*** Recorded information Section Begins ***
text \<open>The row space of \<open>A\<close> together with the unit vectors at the free columns of a
  quasi-Hermite \<open>H\<close> whose rows lie in the row space spans all finitely supported
  sequences: a pivot unit vector is a row of \<open>H\<close> minus a combination of free unit vectors.\<close>

lemma row_space_free_coords_span:
  assumes "row_finite A" and "quasi_hermite H" and H_rows: "\<And>j. H j \<in> row_space A"
  shows "cspan (row_space A \<union> coord_vec ` free_columns H) = FS"
proof
  let ?V = "cspan (row_space A \<union> coord_vec ` free_columns H)"
  show "?V \<subseteq> FS"
    using row_space_subset_FS[OF assms(1)] fin_supp_coord_vec subspace_FS
    by (intro cvs.span_minimal) (auto simp: FS_def)
  have coord_in_V: "coord_vec k \<in> ?V" for k
  proof (cases "k \<in> free_columns H")
    case True
    then show ?thesis by (intro cvs.span_base) auto
  next
    case False
    then obtain j where j: "j \<in> nonzero_rows H" "k = len (H j)"
      by (auto simp: free_columns_def)
    let ?T = "{t. H j t \<noteq> 0} - {k}"
    have pivot: "H j k = 1" and fin: "finite {t. H j t \<noteq> 0}"
      using assms(2) j unfolding quasi_hermite_def row_finite_def by blast+
    have "H j = (\<Sum>t\<in>insert k ?T. cscale (H j t) (coord_vec t))"
      using fin by (intro coord_vec_expansion) auto
    also have "\<dots> = cscale (H j k) (coord_vec k) + (\<Sum>t\<in>?T. cscale (H j t) (coord_vec t))"
      by (rule sum.insert) (use fin in auto)
    also have "\<dots> = coord_vec k + (\<Sum>t\<in>?T. cscale (H j t) (coord_vec t))"
      using pivot by simp
    finally have "coord_vec k = H j - (\<Sum>t\<in>?T. cscale (H j t) (coord_vec t))"
      by (simp add: eq_diff_eq)
    moreover have "H j \<in> ?V" using H_rows by (intro cvs.span_base) auto
    moreover have "(\<Sum>t\<in>?T. cscale (H j t) (coord_vec t)) \<in> ?V"
      using qh_offpivot_free[OF assms(2) j(1)] j(2)
      by (intro cvs.span_sum cvs.span_scale cvs.span_base) auto
    ultimately show ?thesis by (simp add: cvs.span_diff)
  qed
  show "FS \<subseteq> ?V"
  proof
    fix x assume "x \<in> FS"
    then have "x = (\<Sum>k\<in>{k. x k \<noteq> 0}. cscale (x k) (coord_vec k))"
      by (intro coord_vec_expansion) (auto simp: FS_def fin_supp_def)
    also have "\<dots> \<in> ?V" by (intro cvs.span_sum cvs.span_scale coord_in_V)
    finally show "x \<in> ?V" .
  qed
qed

lemma deficiency_le_free_columns:
  assumes "row_finite A" and "quasi_hermite H" and "\<And>j. H j \<in> row_space A"
    and "finite (free_columns H)"
  shows "deficiency A \<le> card (free_columns H)"
proof -
  have "deficiency A \<le> card (coord_vec ` free_columns H)"
  proof (rule deficiency_le)
    show "finite (coord_vec ` free_columns H)" using assms(4) by simp
    show "coord_vec ` free_columns H \<subseteq> FS" using fin_supp_coord_vec by (auto simp: FS_def)
    show "cspan (row_space A \<union> coord_vec ` free_columns H) = FS"
      using assms(1-3) by (rule row_space_free_coords_span)
  qed
  also have "\<dots> \<le> card (free_columns H)" using assms(4) by (rule card_image_le)
  finally show ?thesis .
qed

theorem theorem5:
  fixes A Q H :: "nat \<Rightarrow> nat \<Rightarrow> complex"
    and S :: "nat set"
    and \<xi> :: "nat \<Rightarrow> nat \<Rightarrow> complex"
  assumes "row_finite A"
    and "finite_deficiency A"
    and "nonsingular Q"
    and "H = mmult Q A"
    and "quasi_hermite H"
    and "S = UNIV - (\<lambda>j. len (H j)) ` nonzero_rows H"
    and "\<And>s. s \<in> S \<Longrightarrow> \<xi> s s = 1"
    and "\<And>s j. s \<in> S \<Longrightarrow> j \<in> nonzero_rows H \<Longrightarrow> \<xi> s (len (H j)) = - H j s"
    and "\<And>s t. s \<in> S \<Longrightarrow> t \<in> S \<Longrightarrow> t \<noteq> s \<Longrightarrow> \<xi> s t = 0"
  shows "finite S
    \<and> inj_on \<xi> S
    \<and> \<xi> ` S \<subseteq> RNS A
    \<and> cindependent (\<xi> ` S)
    \<and> cspan (\<xi> ` S) = RNS A
    \<and> (\<forall>x\<in>RNS A. x = (\<lambda>t. \<Sum>s\<in>S. x s * \<xi> s t))
    \<and> cdim (RNS A) = deficiency A
    \<and> deficiency A = card S"
proof -
  have S: "S = free_columns H" using assms(6) by (simp add: free_columns_def)
  have RNS_H: "RNS H = RNS A" using RNS_nonsingular_mult[OF assms(3,1)] assms(4) by simp
  have delta: "\<xi> s t = (if t = s then 1 else 0)" if "s \<in> S" "t \<in> S" for s t
    using that assms(7,9) by auto
  have "\<xi> s \<in> RNS H" if "s \<in> S" for s
    by (rule xi_solution[OF assms(5)]) (use that delta assms(8) in \<open>simp_all add: S[symmetric]\<close>)
  then have sol: "\<xi> s \<in> RNS A" if "s \<in> S" for s
    using that RNS_H by blast
  have card_le: "card T \<le> deficiency A" if "T \<subseteq> S" "finite T" for T
    using \<open>finite T\<close>
  proof (rule card_le_deficiency[OF assms(1,2), where y = \<xi>])
    show "\<xi> t \<in> RNS A" if "t \<in> T" for t using that \<open>T \<subseteq> S\<close> sol by blast
    show "\<xi> t s = (if s = t then 1 else 0)" if "s \<in> T" "t \<in> T" for s t
      using that \<open>T \<subseteq> S\<close> delta by blast
  qed
  have finS: "finite S" using finite_if_finite_subsets_card_bdd[OF card_le] by simp
  have expand: "x = (\<lambda>t. \<Sum>s\<in>S. x s * \<xi> s t)" if "x \<in> RNS A" for x
    unfolding S
    by (rule RNS_expansion[OF assms(5)]) (use finS that RNS_H delta assms(8) in \<open>simp_all add: S[symmetric]\<close>)
  have indep: "inj_on \<xi> S \<and> cindependent (\<xi> ` S)"
    using finS by (rule delta_family_independent) (simp add: delta)
  have span: "cspan (\<xi> ` S) = RNS A"
    by (rule span_eq_if_coordinate_expansion[OF subspace_RNS]) (use sol in blast, rule expand)
  have "deficiency A \<le> card S"
    unfolding S using deficiency_le_free_columns[OF assms(1,5)] mmult_row_in_row_space assms(4)
      finS S by simp
  then have defi: "deficiency A = card S" using card_le finS by (simp add: le_antisym)
  have "cdim (RNS A) = card S"
    using cvs.dim_span_eq_card_independent[of "\<xi> ` S"] indep span card_image by metis
  then have dim: "cdim (RNS A) = deficiency A" using defi by simp
  show ?thesis using finS indep sol expand span dim defi by blast
qed
lemma ex_card_of_minimal:
  assumes "P A"
  shows "\<exists>B. P B \<and> (\<forall>C. P C \<longrightarrow> |B| \<le>o |C| )"
proof -
  have "{|B| | B. P B} \<noteq> {}" and "\<forall>r\<in>{|B| | B. P B}. Card_order r"
    using assms card_of_Card_order by auto
  then obtain r where r: "r \<in> {|B| | B. P B}" and r_min: "\<forall>r'\<in>{|B| | B. P B}. r \<le>o r'"
    by (rule exists_minim_Card_order[THEN bexE])
  from r obtain B where "r = |B|" and "P B" by blast
  with r_min show ?thesis by blast
qed

lemma ex_lt_exp_set_ran:
  assumes "B \<subseteq> N" and "|B| <o |M|"
  shows "\<exists>\<phi>\<in>lt_exp_set N M. ran \<phi> = B"
proof -
  obtain e where e: "inj_on e B" "e ` B \<subseteq> M"
    using ordLess_imp_ordLeq[OF assms(2)] card_of_ordLeq[of B M] by auto
  define \<phi> where "\<phi> m = (if m \<in> e ` B then Some (inv_into B e m) else None)" for m
  have "dom \<phi> = e ` B" by (auto simp: \<phi>_def dom_def)
  moreover have "ran \<phi> = B"
  proof
    show "ran \<phi> \<subseteq> B"
      by (auto simp: \<phi>_def ran_def inv_into_into split: if_splits)
    show "B \<subseteq> ran \<phi>"
    proof
      fix b assume "b \<in> B"
      then have "\<phi> (e b) = Some b" by (simp add: \<phi>_def inv_into_f_f[OF e(1)])
      then show "b \<in> ran \<phi>" by (rule ranI)
    qed
  qed
  moreover have "|e ` B| <o |M|"
    using card_of_image assms(2) by (rule ordLeq_ordLess_trans)
  ultimately have "\<phi> \<in> lt_exp_set N M"
    using e(2) assms(1) unfolding lt_exp_set_def by auto
  with \<open>ran \<phi> = B\<close> show ?thesis by blast
qed

lemma card_of_small_subsets_ordLeq_lt_exp_set:
  assumes "|U| \<le>o |N|"
  shows "|{S. S \<subseteq> U \<and> |S| <o |M|}| \<le>o |lt_exp_set N M|"
proof -
  obtain f where f: "inj_on f U" "f ` U \<subseteq> N"
    using assms card_of_ordLeq[of U N] by auto
  have "|{S. S \<subseteq> U \<and> |S| <o |M|}| \<le>o |ran ` lt_exp_set N M|"
  proof (rule card_of_ordLeqI[of "image f"])
    show "inj_on (image f) {S. S \<subseteq> U \<and> |S| <o |M|}"
      using inj_on_image_Pow[OF f(1)] by (rule inj_on_subset) auto
    fix S assume "S \<in> {S. S \<subseteq> U \<and> |S| <o |M|}"
    then have "f ` S \<subseteq> N" and "|f ` S| <o |M|"
      using f(2) ordLeq_ordLess_trans[OF card_of_image] by blast+
    then show "f ` S \<in> ran ` lt_exp_set N M"
      using ex_lt_exp_set_ran by (metis image_eqI)
  qed
  also have "|ran ` lt_exp_set N M| \<le>o |lt_exp_set N M|"
    by (rule card_of_image)
  finally show ?thesis .
qed
(* Let $p\ge 0$ and $k\ge 1$ be integers and $n\ge (p+1)k$. If $p\ge 1$ then $$\mathit{Gen}_p(n,k)=\bigcup_{j=1}^{k}\{0^{pj-i}1^{j-1}0^i1(0^p1)^{k-j}0^{n-(p+1)k}\ :\ 0\le i\le p-1\}\ \cup\ \{0^i1^k0^{n-i-k}\ :\ pk+1\le i\le n-k\}.$$ If $p=0$ then $\mathit{Gen}_0(n,k)=\{0^i1^k0^{n-i-k}\ :\ 0\le i\le n-k\}$. In all cases $|\mathit{Gen}_p(n,k)|=n-k+1-p$.
   Context: The weight of a binary word is its number of 1's. For integers $p,k\ge 0$ and $n\ge (p+1)k$, $C_n(p,k)$ is the set of binary words of length $n$ and weight $k$ such that every prefix contains at least $p$ times as many 0's as 1's (i.e. in every prefix, #0's $\ge p\cdot$ #1's). A homogeneous transposition of a binary word exchanges a 1 and a 0 such that no 1 occurs strictly between the two exchanged positions. For a set $S$ of binary words of the same length and weight and $\alpha\in S$, the list obtained by applying the greedy algorithm for $S$ to $\alpha$ is built as follows: start with the list $(\alpha)$; repeatedly, for the last word $w$ of the current list, among all words obtainable from $w$ by one homogeneous transposition that lie in $S$ and do not already occur in the list, choose the one obtained by transposing the leftmost possible 1 with (among transpositions of that 1) the leftmost possible 0, and append it; stop when no such word exists. $\mathcal{D}_p(\alpha)$ denotes the list obtained by applying the greedy algorithm for $C_n(p,k)$ to $\alpha\in C_n(p,k)$, and $\mathit{Gen}_p(n,k)$ is the set of $\alpha\in C_n(p,k)$ such that $\mathcal{D}_p(\alpha)$ contains every word of $C_n(p,k)$. *)

theory Defs
  imports Main
begin

text \<open>Binary words are lists of booleans; True stands for the letter 1, False for 0.\<close>

definition ones :: "bool list \<Rightarrow> nat" where
  "ones w = length (filter (\<lambda>b. b) w)"

definition zeros :: "bool list \<Rightarrow> nat" where
  "zeros w = length (filter (\<lambda>b. \<not> b) w)"
lemma irreducible_iff_unique_special_gap:
  assumes ns: "numerical_semigroup S"
  shows "irreducible_ns S \<longleftrightarrow> (\<forall>g h. special_gap S g \<longrightarrow> special_gap S h \<longrightarrow> g = h)"
proof
  assume irr: "irreducible_ns S"
  show "\<forall>g h. special_gap S g \<longrightarrow> special_gap S h \<longrightarrow> g = h"
  proof (intro allI impI, rule ccontr)
    fix g h assume g: "special_gap S g" and h: "special_gap S h" and "g \<noteq> h"
    then have "S = insert g S \<inter> insert h S" "S \<subset> insert g S" "S \<subset> insert h S"
      by (auto simp: special_gap_def)
    then show False
      using irr ns_insert_special_gap[OF ns g] ns_insert_special_gap[OF ns h]
      unfolding irreducible_ns_def by blast
  qed
next
  assume unique: "\<forall>g h. special_gap S g \<longrightarrow> special_gap S h \<longrightarrow> g = h"
  show "irreducible_ns S"
    unfolding irreducible_ns_def
  proof (intro conjI ns notI)
    assume "\<exists>S1 S2. numerical_semigroup S1 \<and> numerical_semigroup S2 \<and>
              S \<subset> S1 \<and> S \<subset> S2 \<and> S = S1 \<inter> S2"
    then obtain S1 S2 where "numerical_semigroup S1" "numerical_semigroup S2"
      "S \<subset> S1" "S \<subset> S2" and S: "S = S1 \<inter> S2" by blast
    then obtain g1 g2 where "g1 \<in> S1 - S" "g2 \<in> S2 - S" "special_gap S g1" "special_gap S g2"
      using special_gap_of_superset[OF ns] by meson
    with unique S show False by auto
  qed
qed
lemma continuous_cut_extension:
  "continuous_map (trees \<Sigma> X) (cut_le p) Q leQ (cut_extension Q leQ p f)"
  unfolding continuous_map_def
proof (intro conjI allI impI ballI)
  show "cut_extension Q leQ p f ` trees \<Sigma> X \<subseteq> Q"
    using cut_extension_in by blast
  show "leQ (cut_extension Q leQ p f x) (cut_extension Q leQ p f y)"
    if "x \<in> trees \<Sigma> X" "y \<in> trees \<Sigma> X" "cut_le p x y" for x y
    using cut_extension_mono that .
next
  fix D j
  assume "directed (trees \<Sigma> X) (cut_le p) D \<and> is_join (trees \<Sigma> X) (cut_le p) D j"
  then have D: "directed (trees \<Sigma> X) (cut_le p) D" and j: "is_join (trees \<Sigma> X) (cut_le p) D j"
    by auto
  have DT: "D \<subseteq> trees \<Sigma> X" and jT: "j \<in> trees \<Sigma> X"
    using D j unfolding directed_def is_join_def by auto
  show "is_join Q leQ (cut_extension Q leQ p f ` D) (cut_extension Q leQ p f j)"
    unfolding is_join_def
  proof (intro conjI ballI impI)
    show "cut_extension Q leQ p f j \<in> Q"
      using cut_extension_in[OF jT] .
    show "leQ y (cut_extension Q leQ p f j)" if y: "y \<in> cut_extension Q leQ p f ` D" for y
    proof -
      obtain x where x: "x \<in> D" "y = cut_extension Q leQ p f x"
        using y by blast
      then have "cut_le p x j"
        using j unfolding is_join_def by blast
      then show ?thesis
        using cut_extension_mono x DT jT by blast
    qed
  next
    fix u
    assume u: "u \<in> Q" "\<forall>y\<in>cut_extension Q leQ p f ` D. leQ y u"
    have "leQ (f (cut p n j)) u" for n
    proof -
      obtain x where x: "x \<in> D" "cut p n j = cut p n x"
        using cut_is_join_eq_cut_member[OF D j] by blast
      have xT: "x \<in> trees \<Sigma> X"
        using x(1) DT by blast
      have "leQ (f (cut p n x)) (cut_extension Q leQ p f x)"
        using is_join_cut_extension[OF xT] unfolding is_join_def by blast
      moreover have "leQ (cut_extension Q leQ p f x) u"
        using u x(1) by blast
      moreover have "f (cut p n x) \<in> Q"
        using continuous_map_into[OF f] cut_in_finite_trees[OF p xT] .
      ultimately show ?thesis
        using partial_order_on'_trans[OF partial_order_if_cpo[OF Q]] cut_extension_in[OF xT] u(1) x(2)
        by metis
    qed
    then show "leQ (cut_extension Q leQ p f j) u"
      using is_join_cut_extension[OF jT] u(1) unfolding is_join_def by blast
  qed
qed

end

lemma continuous_extension_unique:
  assumes p: "p \<in> nullary_labels \<Sigma> X" and Q: "partial_order_on' Q leQ"
    and g: "continuous_map (trees \<Sigma> X) (cut_le p) Q leQ g"
    and g': "continuous_map (trees \<Sigma> X) (cut_le p) Q leQ g'"
    and eq: "\<forall>s\<in>finite_trees \<Sigma> X. g s = g' s"
    and s: "s \<in> trees \<Sigma> X"
  shows "g s = g' s"
proof -
  let ?D = "{cut p n s | n. True}"
  have D: "directed (trees \<Sigma> X) (cut_le p) ?D"
    using directed_cuts cut_in_finite_trees[OF p s] finite_trees_subset_trees by blast
  have "g ` ?D = g' ` ?D"
    by (intro image_cong refl) (use eq cut_in_finite_trees[OF p s] in blast)
  then have "is_join Q leQ (g ` ?D) (g s)" "is_join Q leQ (g ` ?D) (g' s)"
    using continuous_map_join[OF g D is_join_cuts[OF p s]]
      continuous_map_join[OF g' D is_join_cuts[OF p s]] by simp_all
  then show ?thesis
    by (rule is_join_unique[OF Q])
qed


theorem mainTheorem3:
  fixes \<Sigma> :: "nat \<Rightarrow> 's set" and X :: "'x set" and p :: "('s, 'x) lab"
  assumes "p \<in> nullary_labels \<Sigma> X"
  shows "cpo (trees \<Sigma> X) (cut_le p)
       \<and> finite_trees \<Sigma> X \<subseteq> trees \<Sigma> X
       \<and> closed_under_directed_joins (finite_trees \<Sigma> X) (trees \<Sigma> X) (cut_le p)
       \<and> (\<forall>(Q :: 'q set) leQ f.
            cpo Q leQ \<and> continuous_map (finite_trees \<Sigma> X) (cut_le p) Q leQ f \<longrightarrow>
              (\<exists>g. continuous_map (trees \<Sigma> X) (cut_le p) Q leQ g
                   \<and> (\<forall>s\<in>finite_trees \<Sigma> X. g s = f s)
                   \<and> (\<forall>s\<in>trees \<Sigma> X. is_join Q leQ {f (cut p n s) | n. True} (g s)))
            \<and> (\<forall>g g'. continuous_map (trees \<Sigma> X) (cut_le p) Q leQ g
                   \<and> (\<forall>s\<in>finite_trees \<Sigma> X. g s = f s)
                   \<and> continuous_map (trees \<Sigma> X) (cut_le p) Q leQ g'
                   \<and> (\<forall>s\<in>finite_trees \<Sigma> X. g' s = f s)
                   \<longrightarrow> (\<forall>s\<in>trees \<Sigma> X. g s = g' s)))"
proof (intro conjI allI impI; (elim conjE)?)
  show "cpo (trees \<Sigma> X) (cut_le p)"
    by (rule cpo_trees)
  show "finite_trees \<Sigma> X \<subseteq> trees \<Sigma> X"
    by (rule finite_trees_subset_trees)
  show "closed_under_directed_joins (finite_trees \<Sigma> X) (trees \<Sigma> X) (cut_le p)"
    by (rule finite_trees_closed_under_directed_joins)
next
  fix Q :: "'q set" and leQ f
  assume Q: "cpo Q leQ" and f: "continuous_map (finite_trees \<Sigma> X) (cut_le p) Q leQ f"
  show "\<exists>g. continuous_map (trees \<Sigma> X) (cut_le p) Q leQ g
                   \<and> (\<forall>s\<in>finite_trees \<Sigma> X. g s = f s)
                   \<and> (\<forall>s\<in>trees \<Sigma> X. is_join Q leQ {f (cut p n s) | n. True} (g s))"
  proof (intro exI conjI ballI)
    show "continuous_map (trees \<Sigma> X) (cut_le p) Q leQ (cut_extension Q leQ p f)"
      by (rule continuous_cut_extension[OF assms Q f])
    show "cut_extension Q leQ p f s = f s" if "s \<in> finite_trees \<Sigma> X" for s
      using cut_extension_eq[OF assms Q f that] .
    show "is_join Q leQ {f (cut p n s) | n. True} (cut_extension Q leQ p f s)"
      if "s \<in> trees \<Sigma> X" for s
      using is_join_cut_extension[OF assms Q f that] .
  qed
next
  fix Q :: "'q set" and leQ f g g'
  assume Q: "cpo Q leQ"
    and g: "continuous_map (trees \<Sigma> X) (cut_le p) Q leQ g" "\<forall>s\<in>finite_trees \<Sigma> X. g s = f s"
    and g': "continuous_map (trees \<Sigma> X) (cut_le p) Q leQ g'" "\<forall>s\<in>finite_trees \<Sigma> X. g' s = f s"
  show "\<forall>s\<in>trees \<Sigma> X. g s = g' s"
    using continuous_extension_unique[OF assms partial_order_if_cpo[OF Q] g(1) g'(1)] g(2) g'(2)
    by simp
qed
lemma na_mul_lincomb_poly_mon:
  "na_mul (lincomb_poly L) (mon w) = lincomb_poly (lincomb_prod L [(1, w)])"
  using na_mul_lincomb_poly[of L "[(1, w)]"] by simp

definition class_coeff :: "'a namon \<Rightarrow> 'a lincomb \<Rightarrow> int" where
  "class_coeff K L = (\<Sum>(c, t)\<leftarrow>L. if comm_equiv t K then c else 0)"

definition cancels_mod_comm :: "'a lincomb \<Rightarrow> bool" where
  "cancels_mod_comm L \<longleftrightarrow> (\<forall>(_, t)\<in>set L. class_coeff t L = 0)"

lemma class_coeff_Nil [simp]: "class_coeff K [] = 0"
  by (simp add: class_coeff_def)

lemma class_coeff_append [simp]: "class_coeff K (L @ M) = class_coeff K L + class_coeff K M"
  and class_coeff_scale [simp]: "class_coeff K (lincomb_scale e L) = e * class_coeff K L"
  by (induction L) (auto simp: class_coeff_def lincomb_scale_def algebra_simps)

lemma class_coeff_lincomb_map:
  "class_coeff K (lincomb_map h L) = (\<Sum>(c, t)\<leftarrow>L. if comm_equiv (map_namon h t) K then c else 0)"
  by (induction L) (auto simp: class_coeff_def lincomb_map_def)

lemma sum_list_filter_partition:
  fixes f :: "'a \<Rightarrow> 'b::comm_monoid_add"
  assumes "\<And>x. Q x \<longleftrightarrow> \<not> P x"
  shows "(\<Sum>x\<leftarrow>xs. f x) = (\<Sum>x\<leftarrow>filter P xs. f x) + (\<Sum>x\<leftarrow>filter Q xs. f x)"
  by (induction xs) (auto simp: add_ac assms)
(* Let $F\in\mathbb{C}[x,y,z]$ be an irreducible polynomial such that none of its three first-order partial derivatives is identically zero, and let $V$ be as below. For $i=1,2,3$ let \[ V_i=\{(x,x',y,y',z_1,z_2,z_3,z_4)\in V: F_i(x,y,z_1)F_i(x,y',z_2)F_i(x',y,z_3)F_i(x',y',z_4)=0\}, \] and $V_0=V_1\cup V_2\cup V_3$. Let $\rho:\mathbb{C}^8\to\mathbb{C}^6$ be $\rho(x,x',y,y',z_1,z_2,z_3,z_4)=(x,y,z_1,x',y',z_4)$. Then $\mathrm{cl}(\rho(V_0))$ has dimension at most $3$.
   Context: $V=\{(x,x',y,y',z_1,z_2,z_3,z_4)\in\mathbb{C}^8: F(x,y,z_1)=F(x,y',z_2)=F(x',y,z_3)=F(x',y',z_4)=0\}$. $F_i$ denotes the partial derivative of $F$ with respect to its $i$-th variable. $\mathrm{cl}$ denotes Zariski closure. *)

theory Defs
  imports "HOL-Computational_Algebra.Polynomial" "HOL-Library.Extended_Nat"
begin

text \<open>A polynomial F in C[x,y,z] is represented as an element of
  complex poly poly poly: the outermost variable is z, the middle one y,
  the innermost one x.\<close>

definition eval3 :: "complex poly poly poly \<Rightarrow> complex \<Rightarrow> complex \<Rightarrow> complex \<Rightarrow> complex" where
  "eval3 F x y z = poly (poly (poly F [:[:z:]:]) [:y:]) x"

text \<open>Partial derivatives with respect to x (1st), y (2nd), z (3rd variable).\<close>
definition pd1 :: "complex poly poly poly \<Rightarrow> complex poly poly poly" where
  "pd1 F = map_poly (map_poly pderiv) F"

definition pd2 :: "complex poly poly poly \<Rightarrow> complex poly poly poly" where
  "pd2 F = map_poly pderiv F"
*** Recorded information Section Ends ***
As the answer, set down only the lines from the data above between the one holding "proof (rule deficiency_le)" and the one holding "(simp add: free_columns_def)", inclusive, exactly as they read.

**Solution to this problem:**
  proof (rule deficiency_le)
    show "finite (coord_vec ` free_columns H)" using assms(4) by simp
    show "coord_vec ` free_columns H \<subseteq> FS" using fin_supp_coord_vec by (auto simp: FS_def)
    show "cspan (row_space A \<union> coord_vec ` free_columns H) = FS"
      using assms(1-3) by (rule row_space_free_coords_span)
  qed
  also have "\<dots> \<le> card (free_columns H)" using assms(4) by (rule card_image_le)
  finally show ?thesis .
qed

theorem theorem5:
  fixes A Q H :: "nat \<Rightarrow> nat \<Rightarrow> complex"
    and S :: "nat set"
    and \<xi> :: "nat \<Rightarrow> nat \<Rightarrow> complex"
  assumes "row_finite A"
    and "finite_deficiency A"
    and "nonsingular Q"
    and "H = mmult Q A"
    and "quasi_hermite H"
    and "S = UNIV - (\<lambda>j. len (H j)) ` nonzero_rows H"
    and "\<And>s. s \<in> S \<Longrightarrow> \<xi> s s = 1"
    and "\<And>s j. s \<in> S \<Longrightarrow> j \<in> nonzero_rows H \<Longrightarrow> \<xi> s (len (H j)) = - H j s"
    and "\<And>s t. s \<in> S \<Longrightarrow> t \<in> S \<Longrightarrow> t \<noteq> s \<Longrightarrow> \<xi> s t = 0"
  shows "finite S
    \<and> inj_on \<xi> S
    \<and> \<xi> ` S \<subseteq> RNS A
    \<and> cindependent (\<xi> ` S)
    \<and> cspan (\<xi> ` S) = RNS A
    \<and> (\<forall>x\<in>RNS A. x = (\<lambda>t. \<Sum>s\<in>S. x s * \<xi> s t))
    \<and> cdim (RNS A) = deficiency A
    \<and> deficiency A = card S"
proof -
  have S: "S = free_columns H" using assms(6) by (simp add: free_columns_def)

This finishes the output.